<<<<

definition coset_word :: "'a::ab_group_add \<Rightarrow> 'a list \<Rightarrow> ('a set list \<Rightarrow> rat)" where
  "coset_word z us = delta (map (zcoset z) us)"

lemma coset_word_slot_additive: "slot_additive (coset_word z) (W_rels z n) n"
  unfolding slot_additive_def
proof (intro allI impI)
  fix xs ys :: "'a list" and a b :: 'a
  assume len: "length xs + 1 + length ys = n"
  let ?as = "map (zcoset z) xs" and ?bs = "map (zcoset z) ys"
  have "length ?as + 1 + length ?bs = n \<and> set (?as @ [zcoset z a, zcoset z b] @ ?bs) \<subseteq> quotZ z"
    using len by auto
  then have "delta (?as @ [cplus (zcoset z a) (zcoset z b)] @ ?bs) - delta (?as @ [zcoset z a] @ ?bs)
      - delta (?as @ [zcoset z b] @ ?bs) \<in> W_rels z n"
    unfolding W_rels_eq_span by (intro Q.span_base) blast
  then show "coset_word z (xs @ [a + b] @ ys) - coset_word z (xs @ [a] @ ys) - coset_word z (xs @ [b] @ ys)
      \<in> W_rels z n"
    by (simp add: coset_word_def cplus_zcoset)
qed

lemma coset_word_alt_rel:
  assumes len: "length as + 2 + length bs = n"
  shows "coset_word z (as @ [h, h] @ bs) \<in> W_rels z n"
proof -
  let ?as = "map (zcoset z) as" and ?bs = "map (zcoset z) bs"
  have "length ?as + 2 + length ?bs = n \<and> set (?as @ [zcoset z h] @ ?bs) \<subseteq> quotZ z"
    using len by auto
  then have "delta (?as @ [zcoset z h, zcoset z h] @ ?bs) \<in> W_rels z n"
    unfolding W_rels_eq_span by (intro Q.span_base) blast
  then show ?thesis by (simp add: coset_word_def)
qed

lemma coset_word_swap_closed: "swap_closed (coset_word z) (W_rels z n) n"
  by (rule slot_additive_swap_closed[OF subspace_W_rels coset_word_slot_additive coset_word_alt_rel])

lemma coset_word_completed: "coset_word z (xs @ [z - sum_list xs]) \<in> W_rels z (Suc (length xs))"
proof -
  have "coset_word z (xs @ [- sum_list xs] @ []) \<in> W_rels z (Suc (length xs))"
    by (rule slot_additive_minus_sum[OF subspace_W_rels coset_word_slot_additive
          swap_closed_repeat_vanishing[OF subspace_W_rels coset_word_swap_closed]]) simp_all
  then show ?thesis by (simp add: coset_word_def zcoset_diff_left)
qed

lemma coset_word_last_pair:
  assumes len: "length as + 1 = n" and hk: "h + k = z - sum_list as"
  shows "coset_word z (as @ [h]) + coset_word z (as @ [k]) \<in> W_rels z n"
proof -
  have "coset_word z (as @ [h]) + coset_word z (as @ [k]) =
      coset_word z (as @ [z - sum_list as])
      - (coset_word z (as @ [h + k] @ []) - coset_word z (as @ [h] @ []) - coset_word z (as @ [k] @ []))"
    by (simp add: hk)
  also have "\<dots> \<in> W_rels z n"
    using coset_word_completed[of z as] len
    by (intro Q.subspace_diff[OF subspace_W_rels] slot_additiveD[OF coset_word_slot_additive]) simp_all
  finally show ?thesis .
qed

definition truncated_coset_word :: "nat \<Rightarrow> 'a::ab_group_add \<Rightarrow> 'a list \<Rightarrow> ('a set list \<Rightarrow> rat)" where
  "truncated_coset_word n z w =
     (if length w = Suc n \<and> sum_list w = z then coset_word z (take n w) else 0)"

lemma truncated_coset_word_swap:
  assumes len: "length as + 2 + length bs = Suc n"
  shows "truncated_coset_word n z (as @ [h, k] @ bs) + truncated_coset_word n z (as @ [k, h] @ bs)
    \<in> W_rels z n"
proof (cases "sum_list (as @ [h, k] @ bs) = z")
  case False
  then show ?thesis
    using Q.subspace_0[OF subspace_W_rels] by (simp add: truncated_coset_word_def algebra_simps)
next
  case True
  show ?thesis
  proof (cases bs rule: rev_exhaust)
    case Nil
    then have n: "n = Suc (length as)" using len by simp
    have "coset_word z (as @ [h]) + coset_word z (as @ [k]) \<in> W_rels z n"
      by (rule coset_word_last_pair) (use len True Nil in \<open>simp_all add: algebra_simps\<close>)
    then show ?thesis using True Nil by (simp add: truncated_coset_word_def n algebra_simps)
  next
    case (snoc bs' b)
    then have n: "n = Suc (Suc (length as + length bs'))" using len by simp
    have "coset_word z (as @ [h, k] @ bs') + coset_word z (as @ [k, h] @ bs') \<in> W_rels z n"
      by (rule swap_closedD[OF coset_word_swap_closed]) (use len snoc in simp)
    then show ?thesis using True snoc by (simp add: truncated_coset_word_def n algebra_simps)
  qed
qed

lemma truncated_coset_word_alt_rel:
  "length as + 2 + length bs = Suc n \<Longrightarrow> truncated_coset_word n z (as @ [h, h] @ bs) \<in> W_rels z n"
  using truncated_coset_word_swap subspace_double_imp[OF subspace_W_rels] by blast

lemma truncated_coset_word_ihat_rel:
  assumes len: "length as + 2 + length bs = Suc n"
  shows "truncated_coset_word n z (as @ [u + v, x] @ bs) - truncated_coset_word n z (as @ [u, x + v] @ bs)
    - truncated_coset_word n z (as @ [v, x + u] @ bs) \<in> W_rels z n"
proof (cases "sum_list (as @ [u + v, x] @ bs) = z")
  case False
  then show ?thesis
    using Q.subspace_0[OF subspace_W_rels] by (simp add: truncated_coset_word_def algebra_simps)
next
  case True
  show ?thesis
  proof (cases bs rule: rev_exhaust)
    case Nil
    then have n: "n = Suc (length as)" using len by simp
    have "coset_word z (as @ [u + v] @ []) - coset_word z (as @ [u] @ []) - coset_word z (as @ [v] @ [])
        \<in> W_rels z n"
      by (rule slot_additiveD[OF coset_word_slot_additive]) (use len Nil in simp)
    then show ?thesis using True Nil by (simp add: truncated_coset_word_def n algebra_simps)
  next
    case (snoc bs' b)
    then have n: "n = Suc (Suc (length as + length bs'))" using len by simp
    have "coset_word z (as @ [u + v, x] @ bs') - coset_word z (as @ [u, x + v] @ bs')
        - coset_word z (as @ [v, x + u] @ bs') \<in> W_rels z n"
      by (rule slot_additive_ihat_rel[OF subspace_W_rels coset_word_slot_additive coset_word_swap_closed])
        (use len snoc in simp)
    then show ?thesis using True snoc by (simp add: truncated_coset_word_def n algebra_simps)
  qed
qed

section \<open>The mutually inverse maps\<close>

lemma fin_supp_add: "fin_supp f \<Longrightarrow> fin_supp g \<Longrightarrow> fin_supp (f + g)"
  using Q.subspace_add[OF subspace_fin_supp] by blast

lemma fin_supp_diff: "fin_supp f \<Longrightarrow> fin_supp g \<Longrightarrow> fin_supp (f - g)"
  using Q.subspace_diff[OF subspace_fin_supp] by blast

>>>>

Task prompt: Search the preceding listing for "cases" and extract every line where it is found.

Task answer:
proof (cases "sum_list (as @ [h, k] @ bs) = z")
  proof (cases bs rule: rev_exhaust)
proof (cases "sum_list (as @ [u + v, x] @ bs) = z")
  proof (cases bs rule: rev_exhaust)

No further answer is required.